Stored items:

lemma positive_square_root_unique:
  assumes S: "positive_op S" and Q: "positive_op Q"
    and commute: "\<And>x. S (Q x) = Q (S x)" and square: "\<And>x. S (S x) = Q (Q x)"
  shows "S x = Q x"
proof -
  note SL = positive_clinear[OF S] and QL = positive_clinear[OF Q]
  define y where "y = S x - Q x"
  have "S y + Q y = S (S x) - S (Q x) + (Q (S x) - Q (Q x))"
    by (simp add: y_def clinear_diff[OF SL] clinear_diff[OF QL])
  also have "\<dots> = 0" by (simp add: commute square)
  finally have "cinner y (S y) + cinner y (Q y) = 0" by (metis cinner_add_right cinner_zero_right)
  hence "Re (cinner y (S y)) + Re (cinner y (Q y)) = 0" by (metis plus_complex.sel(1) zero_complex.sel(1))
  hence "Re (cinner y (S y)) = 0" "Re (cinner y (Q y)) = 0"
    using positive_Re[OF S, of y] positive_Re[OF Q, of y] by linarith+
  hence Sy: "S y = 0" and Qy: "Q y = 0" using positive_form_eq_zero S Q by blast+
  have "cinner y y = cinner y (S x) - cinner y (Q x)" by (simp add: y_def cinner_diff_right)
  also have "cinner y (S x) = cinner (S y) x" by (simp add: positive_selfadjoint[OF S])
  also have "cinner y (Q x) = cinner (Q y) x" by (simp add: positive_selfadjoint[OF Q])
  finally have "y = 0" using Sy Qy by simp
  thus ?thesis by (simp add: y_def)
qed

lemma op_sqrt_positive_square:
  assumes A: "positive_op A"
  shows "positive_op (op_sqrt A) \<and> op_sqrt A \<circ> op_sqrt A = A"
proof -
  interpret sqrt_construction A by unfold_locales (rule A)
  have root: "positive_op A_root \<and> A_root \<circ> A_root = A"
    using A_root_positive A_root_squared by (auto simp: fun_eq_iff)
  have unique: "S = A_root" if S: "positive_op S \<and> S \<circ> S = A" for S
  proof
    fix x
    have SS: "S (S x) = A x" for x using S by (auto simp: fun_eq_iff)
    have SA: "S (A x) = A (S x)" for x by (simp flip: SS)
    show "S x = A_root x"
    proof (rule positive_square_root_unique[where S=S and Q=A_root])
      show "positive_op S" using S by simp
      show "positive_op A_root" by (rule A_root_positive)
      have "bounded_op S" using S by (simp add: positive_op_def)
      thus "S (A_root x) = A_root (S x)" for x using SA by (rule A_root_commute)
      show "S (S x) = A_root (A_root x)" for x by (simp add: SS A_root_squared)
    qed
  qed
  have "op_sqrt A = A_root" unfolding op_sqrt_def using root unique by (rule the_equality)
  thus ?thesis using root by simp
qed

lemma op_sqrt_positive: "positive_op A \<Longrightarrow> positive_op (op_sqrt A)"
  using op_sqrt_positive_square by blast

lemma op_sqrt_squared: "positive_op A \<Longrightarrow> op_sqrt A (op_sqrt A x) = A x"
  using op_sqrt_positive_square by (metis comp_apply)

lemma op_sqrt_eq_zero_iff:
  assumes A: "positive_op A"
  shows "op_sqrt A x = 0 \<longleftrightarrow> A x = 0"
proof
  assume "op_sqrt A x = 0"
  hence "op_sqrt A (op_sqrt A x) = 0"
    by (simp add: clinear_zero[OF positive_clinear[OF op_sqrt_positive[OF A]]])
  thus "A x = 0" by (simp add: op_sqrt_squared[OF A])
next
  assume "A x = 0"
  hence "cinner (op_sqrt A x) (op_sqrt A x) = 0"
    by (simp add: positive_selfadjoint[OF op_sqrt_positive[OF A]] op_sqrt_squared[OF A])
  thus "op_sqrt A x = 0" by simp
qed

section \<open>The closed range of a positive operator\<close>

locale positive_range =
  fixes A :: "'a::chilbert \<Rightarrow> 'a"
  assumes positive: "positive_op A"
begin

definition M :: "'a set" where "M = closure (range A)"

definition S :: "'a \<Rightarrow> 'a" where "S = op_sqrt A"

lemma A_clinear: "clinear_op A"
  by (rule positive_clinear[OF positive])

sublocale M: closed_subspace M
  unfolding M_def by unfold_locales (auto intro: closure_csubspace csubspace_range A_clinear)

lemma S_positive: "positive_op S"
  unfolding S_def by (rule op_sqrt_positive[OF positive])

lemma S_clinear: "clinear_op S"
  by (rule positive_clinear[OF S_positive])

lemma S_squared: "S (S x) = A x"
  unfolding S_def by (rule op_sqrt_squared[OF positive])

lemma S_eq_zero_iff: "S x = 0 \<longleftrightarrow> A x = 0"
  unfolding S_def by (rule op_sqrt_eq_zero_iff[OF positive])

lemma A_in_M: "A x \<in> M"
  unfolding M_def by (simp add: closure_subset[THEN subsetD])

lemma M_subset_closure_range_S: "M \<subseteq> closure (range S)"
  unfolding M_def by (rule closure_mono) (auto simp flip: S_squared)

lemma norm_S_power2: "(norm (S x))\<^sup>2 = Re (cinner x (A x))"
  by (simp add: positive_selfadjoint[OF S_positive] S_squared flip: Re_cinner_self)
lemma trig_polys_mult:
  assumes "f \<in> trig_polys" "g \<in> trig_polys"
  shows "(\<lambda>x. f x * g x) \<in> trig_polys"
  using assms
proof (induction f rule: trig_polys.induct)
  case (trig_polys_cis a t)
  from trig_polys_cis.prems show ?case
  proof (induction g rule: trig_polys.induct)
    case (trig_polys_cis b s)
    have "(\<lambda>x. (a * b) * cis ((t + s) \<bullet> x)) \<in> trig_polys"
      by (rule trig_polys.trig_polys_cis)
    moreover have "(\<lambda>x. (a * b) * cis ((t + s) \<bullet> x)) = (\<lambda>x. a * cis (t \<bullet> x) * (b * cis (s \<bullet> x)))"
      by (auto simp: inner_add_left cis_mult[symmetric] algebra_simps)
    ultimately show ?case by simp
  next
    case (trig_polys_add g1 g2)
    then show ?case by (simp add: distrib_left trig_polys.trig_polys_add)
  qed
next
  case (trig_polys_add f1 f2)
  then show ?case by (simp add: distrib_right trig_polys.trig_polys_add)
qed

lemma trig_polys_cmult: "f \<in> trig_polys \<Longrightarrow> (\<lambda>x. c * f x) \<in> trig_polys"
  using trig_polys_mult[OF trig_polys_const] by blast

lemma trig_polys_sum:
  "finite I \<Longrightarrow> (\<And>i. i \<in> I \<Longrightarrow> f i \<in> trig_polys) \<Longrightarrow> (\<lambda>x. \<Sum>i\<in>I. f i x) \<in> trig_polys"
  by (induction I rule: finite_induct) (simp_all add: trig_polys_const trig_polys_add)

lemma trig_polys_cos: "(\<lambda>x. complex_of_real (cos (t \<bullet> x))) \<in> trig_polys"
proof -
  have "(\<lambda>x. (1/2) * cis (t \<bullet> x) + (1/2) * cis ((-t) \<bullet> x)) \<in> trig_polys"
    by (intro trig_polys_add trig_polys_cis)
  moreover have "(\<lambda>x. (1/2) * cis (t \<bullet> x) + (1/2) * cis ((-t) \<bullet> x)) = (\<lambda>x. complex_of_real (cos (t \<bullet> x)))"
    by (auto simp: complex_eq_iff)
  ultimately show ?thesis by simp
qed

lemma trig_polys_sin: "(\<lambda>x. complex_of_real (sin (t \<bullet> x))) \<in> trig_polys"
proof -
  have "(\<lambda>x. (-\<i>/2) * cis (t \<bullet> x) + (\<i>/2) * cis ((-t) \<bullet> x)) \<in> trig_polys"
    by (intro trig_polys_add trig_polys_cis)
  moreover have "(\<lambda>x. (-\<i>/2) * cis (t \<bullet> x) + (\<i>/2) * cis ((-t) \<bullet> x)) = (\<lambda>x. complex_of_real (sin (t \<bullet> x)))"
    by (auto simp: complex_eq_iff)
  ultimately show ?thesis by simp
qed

Task objective: Above are records; repeat only the lines starting at the line with "note SL = positive_clinear[OF" and ending at the line with "(metis plus_complex.sel(1) zero_complex.sel(1))", exactly as they appear, both included.

Answer for the task:
  note SL = positive_clinear[OF S] and QL = positive_clinear[OF Q]
  define y where "y = S x - Q x"
  have "S y + Q y = S (S x) - S (Q x) + (Q (S x) - Q (Q x))"
    by (simp add: y_def clinear_diff[OF SL] clinear_diff[OF QL])
  also have "\<dots> = 0" by (simp add: commute square)
  finally have "cinner y (S y) + cinner y (Q y) = 0" by (metis cinner_add_right cinner_zero_right)
  hence "Re (cinner y (S y)) + Re (cinner y (Q y)) = 0" by (metis plus_complex.sel(1) zero_complex.sel(1))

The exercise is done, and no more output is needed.